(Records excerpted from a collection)

──────

definition extremal_edge :: "('q, 'a, 'b::linorder) repdata \<Rightarrow> 'a \<times> 'b \<times> 'b \<Rightarrow> 'b \<times> 'b \<Rightarrow> bool" where
  "extremal_edge M \<tau> p \<longleftrightarrow> (case \<tau> of (v, t, s) \<Rightarrow> case p of (i, j) \<Rightarrow>
     simply_linked M \<tau> p \<and>
     ((j = s \<and> extremal_arrow M v i t) \<or> (i = t \<and> extremal_arrow M v s j)))"

end

theory Submission
  imports Defs
begin

text \<open>Part (1): an extremal edge at (v,t,s) is (i,s) with (v,i,t) extremal or (t,j) with (v,s,j)
extremal, and for fixed v an extremal arrow is determined by either endpoint.

Part (2): E(v,t,s) consists of quadratic terms w_{t,t'} w_{s',s} and linear terms w_{s',s}.
If s is not in beta, then f_beta kills every w_{s',s}; if t is in beta, then f_beta sets
w_{t,t'} to the Kronecker delta, and the surviving quadratic terms cancel the linear ones.
Either way all mu_{beta,lambda} vanish, so a beta-relevant triple has s in beta and t not in
beta. Finally, for an extremal arrow (v,x,y) one has E(v,y,x) = mu_{v,x,y} (w_{y,y} - 1) w_{x,x},
which takes the value -mu_{v,x,y} \<noteq> 0 under any extension of f_beta when x is in beta and
y is not.\<close>

lemma sum_collect_terms_diff:
  fixes a :: "'k \<Rightarrow> 'r::comm_ring" and b :: "'l \<Rightarrow> 'r"
  assumes "finite K" "finite L"
    and F: "\<And>m. F m = (\<Sum>k\<in>{k\<in>K. f k = m}. a k) - (\<Sum>l\<in>{l\<in>L. g l = m}. b l)"
  shows "(\<Sum>m\<in>{m. F m \<noteq> 0 \<and> P m}. F m * h m)
       = (\<Sum>k\<in>{k\<in>K. P (f k)}. a k * h (f k)) - (\<Sum>l\<in>{l\<in>L. P (g l)}. b l * h (g l))"
proof -
  let ?U = "{m \<in> f ` K \<union> g ` L. P m}"
  have "finite ?U" using assms by auto
  have grouped: "(\<Sum>m\<in>?U. \<Sum>k\<in>{k\<in>X. e k = m}. c k * h (e k)) = (\<Sum>k\<in>{k\<in>X. P (e k)}. c k * h (e k))"
    if "finite X" "e ` X \<subseteq> f ` K \<union> g ` L" for X e and c :: "'x \<Rightarrow> 'r"
  proof -
    have "(\<Sum>m\<in>?U. \<Sum>k\<in>{k\<in>X. e k = m}. c k * h (e k))
        = (\<Sum>m\<in>?U. \<Sum>k\<in>{k \<in> {k\<in>X. P (e k)}. e k = m}. c k * h (e k))"
      by (intro sum.cong) auto
    also have "\<dots> = (\<Sum>k\<in>{k\<in>X. P (e k)}. c k * h (e k))"
      using that \<open>finite ?U\<close> by (intro sum.group) auto
    finally show ?thesis .
  qed
  have "F m = 0" if "m \<notin> f ` K \<union> g ` L" for m
  proof -
    have "{k\<in>K. f k = m} = {}" "{l\<in>L. g l = m} = {}" using that by auto
    then show ?thesis unfolding F by (simp only: sum.empty) simp
  qed
  then have "(\<Sum>m\<in>{m. F m \<noteq> 0 \<and> P m}. F m * h m) = (\<Sum>m\<in>?U. F m * h m)"
    using \<open>finite ?U\<close> by (intro sum.mono_neutral_left) auto
  also have "\<dots> = (\<Sum>m\<in>?U. \<Sum>k\<in>{k\<in>K. f k = m}. a k * h (f k))
                 - (\<Sum>m\<in>?U. \<Sum>l\<in>{l\<in>L. g l = m}. b l * h (g l))"
    by (simp add: F sum_distrib_right left_diff_distrib sum_subtractf[symmetric])
  finally show ?thesis
    using grouped[of K f a] grouped[of L g b] assms by simp
qed

definition quad_terms :: "('q, 'a, 'b::linorder) repdata \<Rightarrow> 'a \<Rightarrow> 'b \<Rightarrow> 'b \<Rightarrow> ('b \<times> 'b) set" where
  "quad_terms M v t s = {(s', t'). garrow M v s' t' \<and> (t, t') \<in> Rel2 M \<and> (s', s) \<in> Rel2 M}"

definition lin_terms :: "('q, 'a, 'b::linorder) repdata \<Rightarrow> 'a \<Rightarrow> 'b \<Rightarrow> 'b \<Rightarrow> 'b set" where
  "lin_terms M v t s = {s'. garrow M v s' t \<and> (s', s) \<in> Rel2 M}"

definition quad_mon :: "'b \<Rightarrow> 'b \<Rightarrow> 'b \<times> 'b \<Rightarrow> ('b \<times> 'b) multiset" where
  "quad_mon t s k = {#(t, snd k), (fst k, s)#}"

lemma coeffE_eq:
  "coeffE M (v, t, s) m =
     (\<Sum>k\<in>{k\<in>quad_terms M v t s. quad_mon t s k = m}. coef M v (fst k) (snd k))
   - (\<Sum>s'\<in>{s'\<in>lin_terms M v t s. {#(s', s)#} = m}. coef M v s' t)"
proof -
  have "{(s', t'). garrow M v s' t' \<and> (t, t') \<in> Rel2 M \<and> (s', s) \<in> Rel2 M \<and> m = {#(t, t'), (s', s)#}}
      = {k\<in>quad_terms M v t s. quad_mon t s k = m}"
    "{s'. garrow M v s' t \<and> (s', s) \<in> Rel2 M \<and> m = {#(s', s)#}} = {s'\<in>lin_terms M v t s. {#(s', s)#} = m}"
    unfolding quad_terms_def lin_terms_def quad_mon_def by auto
  then show ?thesis
    unfolding coeffE_def by (simp add: case_prod_beta')
qed

lemma finite_quad_terms: "wf_rep M \<Longrightarrow> finite (quad_terms M v t s)"
  by (rule finite_subset[of _ "basis M \<times> basis M"])
    (auto simp: quad_terms_def garrow_def wf_rep_def)

lemma finite_lin_terms: "wf_rep M \<Longrightarrow> finite (lin_terms M v t s)"
  by (rule finite_subset[of _ "basis M"]) (auto simp: lin_terms_def garrow_def wf_rep_def)

lemma sum_monsE_eq:
  assumes "wf_rep M"
  shows "(\<Sum>m\<in>{m\<in>monsE M (v, t, s). P m}. coeffE M (v, t, s) m * h m)
       = (\<Sum>k\<in>{k\<in>quad_terms M v t s. P (quad_mon t s k)}. coef M v (fst k) (snd k) * h (quad_mon t s k))
       - (\<Sum>s'\<in>{s'\<in>lin_terms M v t s. P {#(s', s)#}}. coef M v s' t * h {#(s', s)#})"
proof -
  have "{m\<in>monsE M (v, t, s). P m} = {m. coeffE M (v, t, s) m \<noteq> 0 \<and> P m}"
    by (simp add: monsE_def)
  then show ?thesis
    using sum_collect_terms_diff[OF finite_quad_terms[OF assms] finite_lin_terms[OF assms] coeffE_eq]
    by simp
qed

lemma mu_beta_eq:
  assumes "wf_rep M"
  shows "mu_beta M ev (v, t, s) S =
     (\<Sum>k\<in>{k\<in>quad_terms M v t s. filter_mset (\<lambda>x. x \<notin> dom ev) (quad_mon t s k) = S}.
        coef M v (fst k) (snd k) * eval_mon ev (filter_mset (\<lambda>x. x \<in> dom ev) (quad_mon t s k)))
   - (\<Sum>s'\<in>{s'\<in>lin_terms M v t s. filter_mset (\<lambda>x. x \<notin> dom ev) {#(s', s)#} = S}.
        coef M v s' t * eval_mon ev (filter_mset (\<lambda>x. x \<in> dom ev) {#(s', s)#}))"
  unfolding mu_beta_def by (rule sum_monsE_eq[OF assms])

lemma eval_mon_dom_eq_0:
  assumes "ev p = Some 0" "p \<in># m"
  shows "eval_mon ev (filter_mset (\<lambda>x. x \<in> dom ev) m) = 0"
  using assms by (force simp: eval_mon_def prod_mset_zero_iff)

lemma ev_col_notin_beta:
  "fbeta M \<beta> \<subseteq>\<^sub>m ev \<Longrightarrow> s \<notin> \<beta> \<Longrightarrow> (s', s) \<in> Rel2 M \<Longrightarrow> ev (s', s) = Some 0"
  by (auto simp: map_le_def fbeta_def dom_def)

lemma ev_row_in_beta:
  "fbeta M \<beta> \<subseteq>\<^sub>m ev \<Longrightarrow> t \<in> \<beta> \<Longrightarrow> (t, t') \<in> Rel2 M \<Longrightarrow> ev (t, t') = Some (if t' = t then 1 else 0)"
  by (auto simp: map_le_def fbeta_def dom_def)

lemma mu_beta_eq_0_if_source_notin_beta:
  assumes "wf_rep M" "fbeta M \<beta> \<subseteq>\<^sub>m ev" "s \<notin> \<beta>"
  shows "mu_beta M ev (v, t, s) S = 0"
proof -
  have zero: "eval_mon ev (filter_mset (\<lambda>x. x \<in> dom ev) m) = 0"
    if "(s', s) \<in> Rel2 M" "(s', s) \<in># m" for s' m
    using eval_mon_dom_eq_0 ev_col_notin_beta[OF assms(2,3)] that by blast
  have "eval_mon ev (filter_mset (\<lambda>x. x \<in> dom ev) (quad_mon t s k)) = 0" if "k \<in> quad_terms M v t s" for k
    using that by (intro zero[of "fst k"]) (auto simp: quad_terms_def quad_mon_def)
  moreover have "eval_mon ev (filter_mset (\<lambda>x. x \<in> dom ev) {#(s', s)#}) = 0" if "s' \<in> lin_terms M v t s" for s'
    using that by (intro zero) (auto simp: lin_terms_def)
  ultimately show ?thesis
    by (auto simp: mu_beta_eq[OF assms(1)] intro!: sum.neutral)
qed

lemma mu_beta_eq_0_if_target_in_beta:
  assumes "wf_rep M" "fbeta M \<beta> \<subseteq>\<^sub>m ev" "t \<in> \<beta>"
  shows "mu_beta M ev (v, t, s) S = 0"
proof -
  let ?P = "\<lambda>m. filter_mset (\<lambda>x. x \<notin> dom ev) m = S"
  let ?h = "\<lambda>m. eval_mon ev (filter_mset (\<lambda>x. x \<in> dom ev) m)"
  let ?Q = "quad_terms M v t s" and ?L = "lin_terms M v t s"
  have ev_row: "ev (t, snd k) = Some (if snd k = t then 1 else 0)" if "k \<in> ?Q" for k
    using that ev_row_in_beta[OF assms(2,3)] by (auto simp: quad_terms_def)
  have quad_P: "{k\<in>?Q. ?P (quad_mon t s k)} = {k\<in>?Q. ?P {#(fst k, s)#}}"
    using ev_row by (auto simp: quad_mon_def domI)
  have quad_h: "?h (quad_mon t s k) = (if snd k = t then ?h {#(fst k, s)#} else 0)" if "k \<in> ?Q" for k
    using ev_row[OF that] by (simp add: quad_mon_def eval_mon_def domI)
  have diagonal: "{k\<in>?Q. ?P {#(fst k, s)#} \<and> snd k = t} = (\<lambda>s'. (s', t)) ` {s'\<in>?L. ?P {#(s', s)#}}"
    by (auto simp: quad_terms_def lin_terms_def Rel2_def garrow_def)
  have "(\<Sum>k\<in>{k\<in>?Q. ?P (quad_mon t s k)}. coef M v (fst k) (snd k) * ?h (quad_mon t s k))
      = (\<Sum>k\<in>{k\<in>?Q. ?P {#(fst k, s)#}}. if snd k = t then coef M v (fst k) (snd k) * ?h {#(fst k, s)#} else 0)"
    unfolding quad_P using quad_h by (intro sum.cong) auto
  also have "\<dots> = (\<Sum>k\<in>{k\<in>?Q. ?P {#(fst k, s)#} \<and> snd k = t}. coef M v (fst k) (snd k) * ?h {#(fst k, s)#})"
    using finite_quad_terms[OF assms(1)] by (intro sum.mono_neutral_cong_right) auto
  also have "\<dots> = (\<Sum>s'\<in>{s'\<in>?L. ?P {#(s', s)#}}. coef M v s' t * ?h {#(s', s)#})"
    by (rule sum.reindex_cong[OF _ diagonal]) (auto simp: inj_on_def)
  finally show ?thesis
    by (simp add: mu_beta_eq[OF assms(1)])
qed

lemma beta_relevant_source_in_target_notin:
  assumes "wf_rep M" "beta_relevant M \<beta> (v, t, s)"
  shows "s \<in> \<beta> \<and> t \<notin> \<beta>"
proof -
  obtain ev S where "min_pe M \<beta> ev" "mu_beta M ev (v, t, s) S \<noteq> 0"
    using assms(2) by (auto simp: beta_relevant_def)
  moreover from this have "fbeta M \<beta> \<subseteq>\<^sub>m ev" by (simp add: min_pe_def)
  ultimately show ?thesis
    using mu_beta_eq_0_if_source_notin_beta[OF assms(1)] mu_beta_eq_0_if_target_in_beta[OF assms(1)]
    by blast
qed

lemma extremal_arrow_le_imp_eq:
  "extremal_arrow M v s t \<Longrightarrow> garrow M v s' t' \<Longrightarrow> s' \<le> s \<Longrightarrow> t \<le> t' \<Longrightarrow> s' = s \<and> t' = t"
  unfolding extremal_arrow_def by (meson leD prod.inject)

lemma extremal_arrow_unique_source:
  "extremal_arrow M v i t \<Longrightarrow> extremal_arrow M v i' t \<Longrightarrow> i = i'"
  by (metis extremal_arrow_def extremal_arrow_le_imp_eq nle_le)

lemma extremal_arrow_unique_target:
  "extremal_arrow M v s j \<Longrightarrow> extremal_arrow M v s j' \<Longrightarrow> j = j'"
  by (metis extremal_arrow_def extremal_arrow_le_imp_eq nle_le)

──────

DESCRIPTION OF THE TASK
Return every line of the records in which the word "open" is found.

TASK OUTPUT
text \<open>Part (1): an extremal edge at (v,t,s) is (i,s) with (v,i,t) extremal or (t,j) with (v,s,j)
      using that \<open>finite ?U\<close> by (intro sum.group) auto
    using \<open>finite ?U\<close> by (intro sum.mono_neutral_left) auto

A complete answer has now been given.